[Date Prev][Date Next][Thread Prev][Thread Next][Date Index][Thread Index]
Re: [Condor-users] State transition for peempted jobs and its implication with Condor-G
- Date: Mon, 18 Feb 2008 11:42:31 -0600
- From: Jaime Frey <jfrey@xxxxxxxxxxx>
- Subject: Re: [Condor-users] State transition for peempted jobs and its implication with Condor-G
On Feb 15, 2008, at 1:56 PM, Barnett P. Chiu wrote:
When a job is temporarily suspended by a higher priority job, what
state does it go into? I got the impression that job state will
become idle and the job will sit in the queue, waiting for a match
again. But will it go through 'hold' state before becoming 'idle'
and if so, will this transition (R-> (H?) -> I) reflect on condor_q?
I guess a possibility that a job being preempted could go into a
'hold' state is when this particular job is being checkpointed
(therefore, file staging is involved => hold state).
The startd may choose to suspend a running job for a number of reasons
(configurable by the admin), one of which may be a job running on a
different slot on that machine. In this case, the suspended job will
be marked as Running in the job queue.
A startd may also decide to evict a job from the execution machine.
One reason for this is there's another job the startd would rather run
in that slot. In this case, the evicted job returns to Idle status,
awaiting another match.
This reminds me of another question: when a job is submitted in
Condor-G, grid manager on the remote gatekeeper will forward this
job to Condor (assuming the underlying batch system is Condor) and
let it schedule the job, but in which universe will the site's
native Condor run the job in?
The default for GRAM is to submit the job in the vanilla universe.
If job ends up being scheduled as a Vanilla job, then how would this
job receive a checkpointing service? Is it the case that the
jobmanager, in the meantime, also somehow watches over the job while
it is being executed on the worker node and hence, even though it is
being run as a Vanilla job, checkpointing could still be achieved?
Of course, thoughts above were based on my impression that Condor-G
does support checkpointing but I am not sure on which level it is
achieved. Or Condor-G job does not support checkpointing at all?

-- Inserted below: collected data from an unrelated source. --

lemma card_Qhat_cover_le:
  assumes "i \<ge> 1" "j \<ge> 1"
  shows "card {I \<in> Dyad (i + j). I \<inter> Q i j \<noteq> {}} \<le> 10 * 2 ^ i"
proof -
  have "card {I \<in> Dyad (i + j). I \<inter> Q i j \<noteq> {}} \<le> (\<Sum>J\<in>Dyad i. card (Qhat_cells i j J))"
    unfolding Qhat_cover_eq_UN_Qhat_cells by (rule card_UN_le[OF finite_Dyad])
  also have "\<dots> \<le> (\<Sum>J\<in>Dyad i. 10)"
    using card_Qhat_cells_le[OF assms] by (intro sum_mono) (auto simp: Dyad_def)
  also have "\<dots> \<le> 10 * 2 ^ i" using card_Dyad_le[of i] by simp
  finally show ?thesis .
qed

lemma Q_subset_Qhat: "Q i j \<subseteq> Qhat i j"
  using Q_subset_circ circ_eq_Union_Dyad[of "i + j"] by (fastforce simp: Qhat_def)

lemma Qhat_lmeasurable: "Qhat i j \<in> lmeasurable"
  unfolding Qhat_def by (rule Union_Dyad_lmeasurable) blast

lemma measure_Qhat_le:
  assumes "i \<ge> 1" "j \<ge> 1"
  shows "measure lebesgue (Qhat i j) \<le> 10 / 2 ^ j"
proof -
  have "measure lebesgue (Qhat i j) \<le> card {I \<in> Dyad (i + j). I \<inter> Q i j \<noteq> {}} / 2 ^ (i + j)"
    unfolding Qhat_def by (rule measure_Union_Dyad_le) blast
  also have "\<dots> \<le> real (10 * 2 ^ i) / 2 ^ (i + j)"
    using card_Qhat_cover_le[OF assms]
    by (intro divide_right_mono) (simp_all only: of_nat_le_iff zero_le_power zero_le_numeral)
  also have "\<dots> = 10 / 2 ^ j"
    by (simp add: power_add)
  finally show ?thesis .
qed

theorem lemma4p2:
  fixes i j :: nat
  assumes "i \<ge> 1" and "j \<ge> 1"
  defines "M \<equiv> (15 :: nat)"
  shows "(\<forall>J \<in> Dyad i. \<exists>F. F \<subseteq> Dyad (i + j) \<and> card F \<le> M \<and> J \<inter> Qhat i j = \<Union> F)
    \<and> (\<exists>F. F \<subseteq> Dyad (i + j) \<and> card F \<le> M * 2 ^ i \<and> Qhat i j = \<Union> F)
    \<and> Q i j \<in> sets lebesgue \<and> Qhat i j \<in> sets lebesgue
    \<and> measure lebesgue (Q i j) \<le> measure lebesgue (Qhat i j)
    \<and> measure lebesgue (Qhat i j) \<le> real M * 2 powi (- int j)"
proof -
  have cells: "\<forall>J \<in> Dyad i. \<exists>F. F \<subseteq> Dyad (i + j) \<and> card F \<le> M \<and> J \<inter> Qhat i j = \<Union> F"
  proof
    fix J assume J: "J \<in> Dyad i"
    then obtain n where "J = dint i n" by (auto simp: Dyad_def)
    then have "card (Qhat_cells i j J) \<le> M"
      using card_Qhat_cells_le[OF assms(1,2), of n] by (simp add: M_def)
    moreover have "Qhat_cells i j J \<subseteq> Dyad (i + j)" by (auto simp: Qhat_cells_def)
    ultimately show "\<exists>F. F \<subseteq> Dyad (i + j) \<and> card F \<le> M \<and> J \<inter> Qhat i j = \<Union> F"
      using Int_Qhat_eq_Union_Qhat_cells[OF J] by blast
  qed
  have cover: "\<exists>F. F \<subseteq> Dyad (i + j) \<and> card F \<le> M * 2 ^ i \<and> Qhat i j = \<Union> F"
    using card_Qhat_cover_le[OF assms(1,2)] unfolding M_def Qhat_def
    by (intro exI[of _ "{I \<in> Dyad (i + j). I \<inter> Q i j \<noteq> {}}"]) auto
  have Q: "Q i j \<in> sets lebesgue" using Q_borel by simp
  have "(10 :: real) / 2 ^ j \<le> real M * 2 powi (- int j)"
    by (simp add: M_def power_int_minus_divide divide_right_mono)
  then have "measure lebesgue (Qhat i j) \<le> real M * 2 powi (- int j)"
    using measure_Qhat_le[OF assms(1,2)] by linarith
  then show ?thesis
    using cells cover Q Qhat_lmeasurable measure_mono_fmeasurable[OF Q_subset_Qhat Q Qhat_lmeasurable]
    by auto
qed

end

Condor-G and GRAM do not directly support checkpointing of jobs. The
batch scheduler behind GRAM may support it, though.
Is there a possibility that jobmanager on gatekeeper could somehow
"inform" the its native Condor to scheduler jobs in a universe other
When Condor is the batch system behind GRAM, the client can make
additions and modifications to the Condor submit file that GRAM writes
with the 'condor_submit' RSL attribute. Here's an example of how to
use it in a Condor-G submit file:
globus_rsl = (condor_submit=(universe standard)(priority 10))
Thanks and regards,
UW-Madison Condor Team